◆ **Task objective**:
In the entries below, return only the line containing "note L = imat_lower_triangular_exp[OF" and those after it, exactly, through the last line.

─── Stored data

(* Let $\phi(z)=\sum_{j\in\mathbb{Z}}\phi_jz^j$ with $\sum_j|\phi_j|<\infty$, and set $\phi_+(z)=\sum_{j\ge0}\phi_jz^j$, $\phi_-(z)=\sum_{j<0}\phi_jz^j$. Then for every $t\in\mathbb{C}$ and $n\in\mathbb{N}$, $$\det\left(I+P_n\left(e^{tT(\phi)}-I\right)P_n\right)e^{-t\operatorname{Tr}P_nT(\phi)}=\det\left(I+P_n\left(e^{-tT(\phi_+)}e^{tT(\phi)}e^{-tT(\phi_-)}-I\right)P_n\right).$$
   Context: For a Laurent series $a(z)=\sum_ka_kz^k$, the Toeplitz matrix $T(a)$ on $\ell^2(\mathbb{N})$ has entries $T(a)_{j,k}=a_{j-k}$, $j,k\ge1$. $P_n$ is the orthogonal projection onto the first $n$ coordinates of $\ell^2(\mathbb{N})$. Determinants are Fredholm determinants. *)

theory Defs
  imports "HOL-Analysis.Infinite_Sum" "Jordan_Normal_Form.Determinant"
begin

text \<open>Bounded operators on l2(N) are represented by their (infinite) matrices
  with respect to the standard basis, indexed from 0 (the paper indexes from 1).
  All operators occurring below (Toeplitz matrices with l1 symbols, their
  exponentials and products) have uniformly l1-bounded rows and columns, so the
  series defining matrix products are absolutely convergent and agree with the
  matrix entries of the operator products.\<close>

type_synonym imat = "nat \<Rightarrow> nat \<Rightarrow> complex"

definition toeplitz :: "(int \<Rightarrow> complex) \<Rightarrow> imat" where
  "toeplitz a j k = a (int j - int k)"

definition imat_id :: imat where
  "imat_id j k = (if j = k then 1 else 0)"

definition imat_mult :: "imat \<Rightarrow> imat \<Rightarrow> imat" where
  "imat_mult A B j k = (\<Sum>l. A j l * B l k)"

definition imat_scale :: "complex \<Rightarrow> imat \<Rightarrow> imat" where
  "imat_scale c A j k = c * A j k"

primrec imat_pow :: "imat \<Rightarrow> nat \<Rightarrow> imat" where
  "imat_pow A 0 = imat_id"
| "imat_pow A (Suc m) = imat_mult A (imat_pow A m)"

definition imat_exp :: "imat \<Rightarrow> imat" where
  "imat_exp A j k = (\<Sum>m. imat_pow A m j k / of_nat (fact m))"

definition sym_plus :: "(int \<Rightarrow> complex) \<Rightarrow> int \<Rightarrow> complex" where
  "sym_plus \<phi> j = (if 0 \<le> j then \<phi> j else 0)"

definition sym_minus :: "(int \<Rightarrow> complex) \<Rightarrow> int \<Rightarrow> complex" where
  "sym_minus \<phi> j = (if j < 0 then \<phi> j else 0)"

text \<open>Fredholm determinant det(I + P_n (X - I) P_n): the operator
  P_n (X - I) P_n has finite rank with range in ran P_n, so the Fredholm
  determinant equals the ordinary determinant of the n x n compression
  of I + P_n (X - I) P_n to ran P_n.\<close>
definition fdet_section :: "nat \<Rightarrow> imat \<Rightarrow> complex" where
  "fdet_section n X = det (mat n n (\<lambda>(i, j). imat_id i j + (X i j - imat_id i j)))"

definition trace_section :: "nat \<Rightarrow> imat \<Rightarrow> complex" where
  "trace_section n A = (\<Sum>i<n. A i i)"

end

theory Submission
  imports Defs
begin

text \<open>The operator \<open>exp (-t T(\<phi>\<^sub>+))\<close> is lower triangular with diagonal
  \<open>exp (-t \<phi>\<^sub>0)\<close>, and \<open>exp (-t T(\<phi>\<^sub>-))\<close> is upper triangular with diagonal 1 because
  \<open>\<phi>\<^sub>-\<close> has no constant term. Compressing to the range of \<open>P\<^sub>n\<close> commutes with multiplying by
  a lower triangular operator on the left and an upper triangular one on the right, so the
  determinant of the compressed product is \<open>exp (-n t \<phi>\<^sub>0) det (P\<^sub>n exp (t T(\<phi>)) P\<^sub>n)\<close>,
  and \<open>n \<phi>\<^sub>0 = Tr P\<^sub>n T(\<phi>)\<close>.\<close>

definition imat_vanishes_on :: "(nat \<Rightarrow> nat \<Rightarrow> bool) \<Rightarrow> imat \<Rightarrow> bool" where
  "imat_vanishes_on R A \<longleftrightarrow> (\<forall>j k. R j k \<longrightarrow> A j k = 0)"

abbreviation imat_lower_triangular :: "imat \<Rightarrow> bool" where
  "imat_lower_triangular \<equiv> imat_vanishes_on (<)"

abbreviation imat_upper_triangular :: "imat \<Rightarrow> bool" where
  "imat_upper_triangular \<equiv> imat_vanishes_on (>)"

definition imat_section :: "nat \<Rightarrow> imat \<Rightarrow> complex mat" where
  "imat_section n A = mat n n (\<lambda>(i, j). A i j)"

lemma imat_mult_eq_0:
  assumes "\<And>l. A j l * B l k = 0"
  shows "imat_mult A B j k = 0"
  unfolding imat_mult_def by (simp add: assms)

lemma imat_mult_diag:
  assumes "\<And>l. l \<noteq> j \<Longrightarrow> A j l * B l j = 0"
  shows "imat_mult A B j j = A j j * B j j"
  unfolding imat_mult_def using assms by (subst suminf_finite[of "{j}"]) auto

lemma imat_vanishes_on_id: "irreflp R \<Longrightarrow> imat_vanishes_on R imat_id"
  by (auto simp: imat_vanishes_on_def imat_id_def irreflp_on_def)

lemma imat_vanishes_on_mult:
  assumes R: "transp R" "totalp R"
    and A: "imat_vanishes_on R A" and B: "imat_vanishes_on R B"
  shows "imat_vanishes_on R (imat_mult A B)"
  unfolding imat_vanishes_on_def
proof (intro allI impI)
  fix j k assume "R j k"
  show "imat_mult A B j k = 0"
  proof (rule imat_mult_eq_0)
    fix l
    have "R j l \<or> R l k"
      using R \<open>R j k\<close> by (cases "l = j") (auto simp: totalp_on_def transp_def)
    then show "A j l * B l k = 0"
      using A B by (auto simp: imat_vanishes_on_def)
  qed
qed

lemma imat_vanishes_on_mult_diag:
  assumes R: "totalp R"
    and A: "imat_vanishes_on R A" and B: "imat_vanishes_on R B"
  shows "imat_mult A B j j = A j j * B j j"
proof (rule imat_mult_diag)
  fix l assume "l \<noteq> j"
  then have "R j l \<or> R l j"
    using R by (auto simp: totalp_on_def)
  then show "A j l * B l j = 0"
    using A B by (auto simp: imat_vanishes_on_def)
qed

lemma imat_vanishes_on_pow:
  assumes R: "transp R" "totalp R" "irreflp R" and A: "imat_vanishes_on R A"
  shows "imat_vanishes_on R (imat_pow A m) \<and> imat_pow A m j j = A j j ^ m"
proof (induction m arbitrary: j)
  case 0
  show ?case by (simp add: imat_vanishes_on_id[OF R(3)] imat_id_def[of j j])
next
  case (Suc m)
  then show ?case
    using R A by (simp add: imat_vanishes_on_mult imat_vanishes_on_mult_diag)
qed

lemma exp_complex_series: "(\<Sum>m. z ^ m / fact m) = exp (z :: complex)"
  by (simp add: exp_def scaleR_conv_of_real divide_inverse mult.commute)

lemma imat_vanishes_on_exp:
  assumes R: "transp R" "totalp R" "irreflp R" and A: "imat_vanishes_on R A"
  shows "imat_vanishes_on R (imat_exp A)" and "imat_exp A j j = exp (A j j)"
  using imat_vanishes_on_pow[OF R A]
  by (auto simp: imat_vanishes_on_def imat_exp_def exp_complex_series)

lemmas imat_lower_triangular_exp =
  imat_vanishes_on_exp[OF transp_on_less totalp_on_less irreflp_on_less]
lemmas imat_upper_triangular_exp =
  imat_vanishes_on_exp[OF transp_on_greater totalp_on_greater irreflp_on_greater]

lemma fdet_section_eq_det: "fdet_section n X = det (imat_section n X)"
  by (simp add: fdet_section_def imat_section_def)

lemma imat_section_carrier: "imat_section n A \<in> carrier_mat n n"
  by (simp add: imat_section_def)

lemma imat_section_mult:
  assumes "imat_lower_triangular A \<or> imat_upper_triangular B"
  shows "imat_section n (imat_mult A B) = imat_section n A * imat_section n B"
proof (rule eq_matI)
  fix i j assume "i < dim_row (imat_section n A * imat_section n B)"
    "j < dim_col (imat_section n A * imat_section n B)"
  then have ij: "i < n" "j < n" by (auto simp: imat_section_def)
  have "imat_mult A B i j = (\<Sum>l<n. A i l * B l j)"
    unfolding imat_mult_def
    using assms ij by (intro suminf_finite) (auto simp: imat_vanishes_on_def)
  then show "imat_section n (imat_mult A B) $$ (i, j) =
      (imat_section n A * imat_section n B) $$ (i, j)"
    using ij by (simp add: imat_section_def scalar_prod_def lessThan_atLeast0)
qed (simp_all add: imat_section_def)

lemma det_section_lower_triangular:
  assumes "imat_lower_triangular A"
  shows "det (imat_section n A) = (\<Prod>i<n. A i i)"
proof -
  have "det (imat_section n A) = prod_list (diag_mat (imat_section n A))"
    using assms by (intro det_lower_triangular[OF _ imat_section_carrier])
      (auto simp: imat_section_def imat_vanishes_on_def)
  also have "\<dots> = (\<Prod>i<n. A i i)"
    by (simp add: diag_mat_def imat_section_def prod.list_conv_set_nth lessThan_atLeast0)
  finally show ?thesis .
qed

lemma det_section_upper_triangular:
  assumes "imat_upper_triangular A"
  shows "det (imat_section n A) = (\<Prod>i<n. A i i)"
proof -
  have "det (imat_section n A) = prod_list (diag_mat (imat_section n A))"
    using assms by (intro det_upper_triangular[OF _ imat_section_carrier])
      (auto simp: imat_section_def imat_vanishes_on_def upper_triangular_def)
  also have "\<dots> = (\<Prod>i<n. A i i)"
    by (simp add: diag_mat_def imat_section_def prod.list_conv_set_nth lessThan_atLeast0)
  finally show ?thesis .
qed

lemma fdet_section_triangular_mult:
  assumes "imat_lower_triangular L" "imat_upper_triangular U"
  shows "fdet_section n (imat_mult L (imat_mult X U))
    = (\<Prod>i<n. L i i) * fdet_section n X * (\<Prod>i<n. U i i)"
  using assms
  by (simp add: fdet_section_eq_det imat_section_mult det_section_lower_triangular
      det_section_upper_triangular det_mult[OF imat_section_carrier]
      mult_carrier_mat[OF imat_section_carrier imat_section_carrier] imat_section_carrier)

lemma imat_lower_triangular_toeplitz_plus:
  "imat_lower_triangular (imat_scale c (toeplitz (sym_plus \<phi>)))"
  by (auto simp: imat_vanishes_on_def imat_scale_def toeplitz_def sym_plus_def)

lemma imat_upper_triangular_toeplitz_minus:
  "imat_upper_triangular (imat_scale c (toeplitz (sym_minus \<phi>)))"
  by (auto simp: imat_vanishes_on_def imat_scale_def toeplitz_def sym_minus_def)

lemma trace_section_toeplitz: "trace_section n (toeplitz a) = of_nat n * a 0"
  by (simp add: trace_section_def toeplitz_def)

theorem lemma4p2:
  fixes \<phi> :: "int \<Rightarrow> complex" and t :: complex and n :: nat
  assumes "(\<lambda>j. norm (\<phi> j)) summable_on UNIV"
  shows "fdet_section n (imat_exp (imat_scale t (toeplitz \<phi>)))
           * exp (- t * trace_section n (toeplitz \<phi>))
         = fdet_section n
             (imat_mult (imat_exp (imat_scale (- t) (toeplitz (sym_plus \<phi>))))
               (imat_mult (imat_exp (imat_scale t (toeplitz \<phi>)))
                          (imat_exp (imat_scale (- t) (toeplitz (sym_minus \<phi>))))))"
proof -
  let ?L = "imat_exp (imat_scale (- t) (toeplitz (sym_plus \<phi>)))"
  let ?U = "imat_exp (imat_scale (- t) (toeplitz (sym_minus \<phi>)))"
  note L = imat_lower_triangular_exp[OF imat_lower_triangular_toeplitz_plus]
  note U = imat_upper_triangular_exp[OF imat_upper_triangular_toeplitz_minus]
  have "(\<Prod>i<n. ?L i i) = exp (- t * trace_section n (toeplitz \<phi>))"
    by (simp add: L(2) imat_scale_def toeplitz_def sym_plus_def trace_section_toeplitz
        exp_of_nat_mult[symmetric] algebra_simps)
  moreover have "(\<Prod>i<n. ?U i i) = 1"
    by (simp add: U(2) imat_scale_def toeplitz_def sym_minus_def)
  ultimately show ?thesis
    by (simp add: fdet_section_triangular_mult[OF L(1) U(1)])
qed

end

──────

◆ **Solution**:
  note L = imat_lower_triangular_exp[OF imat_lower_triangular_toeplitz_plus]
  note U = imat_upper_triangular_exp[OF imat_upper_triangular_toeplitz_minus]
  have "(\<Prod>i<n. ?L i i) = exp (- t * trace_section n (toeplitz \<phi>))"
    by (simp add: L(2) imat_scale_def toeplitz_def sym_plus_def trace_section_toeplitz
        exp_of_nat_mult[symmetric] algebra_simps)
  moreover have "(\<Prod>i<n. ?U i i) = 1"
    by (simp add: U(2) imat_scale_def toeplitz_def sym_minus_def)
  ultimately show ?thesis
    by (simp add: fdet_section_triangular_mult[OF L(1) U(1)])
qed

end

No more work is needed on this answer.